»»

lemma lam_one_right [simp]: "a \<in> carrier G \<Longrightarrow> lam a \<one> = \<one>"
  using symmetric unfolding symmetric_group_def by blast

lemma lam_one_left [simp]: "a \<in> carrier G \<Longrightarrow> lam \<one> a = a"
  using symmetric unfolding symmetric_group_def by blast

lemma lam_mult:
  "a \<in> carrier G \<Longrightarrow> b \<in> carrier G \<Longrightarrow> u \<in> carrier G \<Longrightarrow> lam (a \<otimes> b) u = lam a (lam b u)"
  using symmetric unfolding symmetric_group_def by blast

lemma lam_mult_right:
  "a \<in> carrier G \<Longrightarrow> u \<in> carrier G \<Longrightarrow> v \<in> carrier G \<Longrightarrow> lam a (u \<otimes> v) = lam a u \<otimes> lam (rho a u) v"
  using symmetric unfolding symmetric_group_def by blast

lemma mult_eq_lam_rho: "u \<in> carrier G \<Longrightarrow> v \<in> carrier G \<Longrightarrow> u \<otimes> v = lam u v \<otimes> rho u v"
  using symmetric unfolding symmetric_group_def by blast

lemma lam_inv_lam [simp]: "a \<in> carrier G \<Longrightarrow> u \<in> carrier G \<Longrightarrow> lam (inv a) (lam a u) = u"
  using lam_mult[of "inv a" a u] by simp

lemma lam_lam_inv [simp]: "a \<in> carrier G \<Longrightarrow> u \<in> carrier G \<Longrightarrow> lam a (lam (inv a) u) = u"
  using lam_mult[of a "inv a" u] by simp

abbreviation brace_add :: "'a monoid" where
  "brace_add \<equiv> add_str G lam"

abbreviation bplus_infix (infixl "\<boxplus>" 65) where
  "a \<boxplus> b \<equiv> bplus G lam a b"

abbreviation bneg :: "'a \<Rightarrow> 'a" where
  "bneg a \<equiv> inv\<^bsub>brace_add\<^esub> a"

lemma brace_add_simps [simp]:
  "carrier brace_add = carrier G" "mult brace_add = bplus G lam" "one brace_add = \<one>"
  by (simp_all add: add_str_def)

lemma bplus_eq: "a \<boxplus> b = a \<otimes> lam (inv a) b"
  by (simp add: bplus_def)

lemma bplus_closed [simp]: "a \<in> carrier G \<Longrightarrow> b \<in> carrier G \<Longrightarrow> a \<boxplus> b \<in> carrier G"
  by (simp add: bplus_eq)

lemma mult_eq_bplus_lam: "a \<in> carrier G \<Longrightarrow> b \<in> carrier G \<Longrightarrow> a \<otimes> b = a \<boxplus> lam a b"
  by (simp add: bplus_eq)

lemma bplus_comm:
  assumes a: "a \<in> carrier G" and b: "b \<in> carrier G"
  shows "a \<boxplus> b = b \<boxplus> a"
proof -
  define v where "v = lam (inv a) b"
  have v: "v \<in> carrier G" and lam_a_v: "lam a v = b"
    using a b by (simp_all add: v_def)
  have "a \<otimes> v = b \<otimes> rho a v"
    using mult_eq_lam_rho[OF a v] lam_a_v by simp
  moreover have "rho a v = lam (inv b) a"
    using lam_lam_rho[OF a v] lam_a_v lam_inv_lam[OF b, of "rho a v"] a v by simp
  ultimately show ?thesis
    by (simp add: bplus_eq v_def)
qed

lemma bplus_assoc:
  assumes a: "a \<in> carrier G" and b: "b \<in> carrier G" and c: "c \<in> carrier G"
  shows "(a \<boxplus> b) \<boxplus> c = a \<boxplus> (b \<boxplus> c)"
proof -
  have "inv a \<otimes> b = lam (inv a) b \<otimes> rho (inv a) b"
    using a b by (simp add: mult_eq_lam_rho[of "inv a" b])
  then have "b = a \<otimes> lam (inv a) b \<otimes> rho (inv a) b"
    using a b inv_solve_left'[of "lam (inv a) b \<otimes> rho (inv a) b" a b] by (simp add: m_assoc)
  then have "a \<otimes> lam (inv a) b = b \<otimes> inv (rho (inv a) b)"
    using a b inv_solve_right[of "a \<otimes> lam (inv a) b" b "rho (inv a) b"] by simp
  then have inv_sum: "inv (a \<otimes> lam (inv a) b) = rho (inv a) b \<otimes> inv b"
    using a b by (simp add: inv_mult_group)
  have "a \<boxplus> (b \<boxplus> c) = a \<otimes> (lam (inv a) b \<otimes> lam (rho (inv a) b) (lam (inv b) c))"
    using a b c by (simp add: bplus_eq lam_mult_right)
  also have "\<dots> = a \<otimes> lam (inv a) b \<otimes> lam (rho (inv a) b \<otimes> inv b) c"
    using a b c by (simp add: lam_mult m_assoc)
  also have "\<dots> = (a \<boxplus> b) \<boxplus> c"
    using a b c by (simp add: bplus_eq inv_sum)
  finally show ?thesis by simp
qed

««

Without changing anything, repeat every record above.

**Written answer:**
lemma lam_one_right [simp]: "a \<in> carrier G \<Longrightarrow> lam a \<one> = \<one>"
  using symmetric unfolding symmetric_group_def by blast

lemma lam_one_left [simp]: "a \<in> carrier G \<Longrightarrow> lam \<one> a = a"
  using symmetric unfolding symmetric_group_def by blast

lemma lam_mult:
  "a \<in> carrier G \<Longrightarrow> b \<in> carrier G \<Longrightarrow> u \<in> carrier G \<Longrightarrow> lam (a \<otimes> b) u = lam a (lam b u)"
  using symmetric unfolding symmetric_group_def by blast

lemma lam_mult_right:
  "a \<in> carrier G \<Longrightarrow> u \<in> carrier G \<Longrightarrow> v \<in> carrier G \<Longrightarrow> lam a (u \<otimes> v) = lam a u \<otimes> lam (rho a u) v"
  using symmetric unfolding symmetric_group_def by blast

lemma mult_eq_lam_rho: "u \<in> carrier G \<Longrightarrow> v \<in> carrier G \<Longrightarrow> u \<otimes> v = lam u v \<otimes> rho u v"
  using symmetric unfolding symmetric_group_def by blast

lemma lam_inv_lam [simp]: "a \<in> carrier G \<Longrightarrow> u \<in> carrier G \<Longrightarrow> lam (inv a) (lam a u) = u"
  using lam_mult[of "inv a" a u] by simp

lemma lam_lam_inv [simp]: "a \<in> carrier G \<Longrightarrow> u \<in> carrier G \<Longrightarrow> lam a (lam (inv a) u) = u"
  using lam_mult[of a "inv a" u] by simp

abbreviation brace_add :: "'a monoid" where
  "brace_add \<equiv> add_str G lam"

abbreviation bplus_infix (infixl "\<boxplus>" 65) where
  "a \<boxplus> b \<equiv> bplus G lam a b"

abbreviation bneg :: "'a \<Rightarrow> 'a" where
  "bneg a \<equiv> inv\<^bsub>brace_add\<^esub> a"

lemma brace_add_simps [simp]:
  "carrier brace_add = carrier G" "mult brace_add = bplus G lam" "one brace_add = \<one>"
  by (simp_all add: add_str_def)

lemma bplus_eq: "a \<boxplus> b = a \<otimes> lam (inv a) b"
  by (simp add: bplus_def)

lemma bplus_closed [simp]: "a \<in> carrier G \<Longrightarrow> b \<in> carrier G \<Longrightarrow> a \<boxplus> b \<in> carrier G"
  by (simp add: bplus_eq)

lemma mult_eq_bplus_lam: "a \<in> carrier G \<Longrightarrow> b \<in> carrier G \<Longrightarrow> a \<otimes> b = a \<boxplus> lam a b"
  by (simp add: bplus_eq)

lemma bplus_comm:
  assumes a: "a \<in> carrier G" and b: "b \<in> carrier G"
  shows "a \<boxplus> b = b \<boxplus> a"
proof -
  define v where "v = lam (inv a) b"
  have v: "v \<in> carrier G" and lam_a_v: "lam a v = b"
    using a b by (simp_all add: v_def)
  have "a \<otimes> v = b \<otimes> rho a v"
    using mult_eq_lam_rho[OF a v] lam_a_v by simp
  moreover have "rho a v = lam (inv b) a"
    using lam_lam_rho[OF a v] lam_a_v lam_inv_lam[OF b, of "rho a v"] a v by simp
  ultimately show ?thesis
    by (simp add: bplus_eq v_def)
qed

lemma bplus_assoc:
  assumes a: "a \<in> carrier G" and b: "b \<in> carrier G" and c: "c \<in> carrier G"
  shows "(a \<boxplus> b) \<boxplus> c = a \<boxplus> (b \<boxplus> c)"
proof -
  have "inv a \<otimes> b = lam (inv a) b \<otimes> rho (inv a) b"
    using a b by (simp add: mult_eq_lam_rho[of "inv a" b])
  then have "b = a \<otimes> lam (inv a) b \<otimes> rho (inv a) b"
    using a b inv_solve_left'[of "lam (inv a) b \<otimes> rho (inv a) b" a b] by (simp add: m_assoc)
  then have "a \<otimes> lam (inv a) b = b \<otimes> inv (rho (inv a) b)"
    using a b inv_solve_right[of "a \<otimes> lam (inv a) b" b "rho (inv a) b"] by simp
  then have inv_sum: "inv (a \<otimes> lam (inv a) b) = rho (inv a) b \<otimes> inv b"
    using a b by (simp add: inv_mult_group)
  have "a \<boxplus> (b \<boxplus> c) = a \<otimes> (lam (inv a) b \<otimes> lam (rho (inv a) b) (lam (inv b) c))"
    using a b c by (simp add: bplus_eq lam_mult_right)
  also have "\<dots> = a \<otimes> lam (inv a) b \<otimes> lam (rho (inv a) b \<otimes> inv b) c"
    using a b c by (simp add: lam_mult m_assoc)
  also have "\<dots> = (a \<boxplus> b) \<boxplus> c"
    using a b c by (simp add: bplus_eq inv_sum)
  finally show ?thesis by simp
qed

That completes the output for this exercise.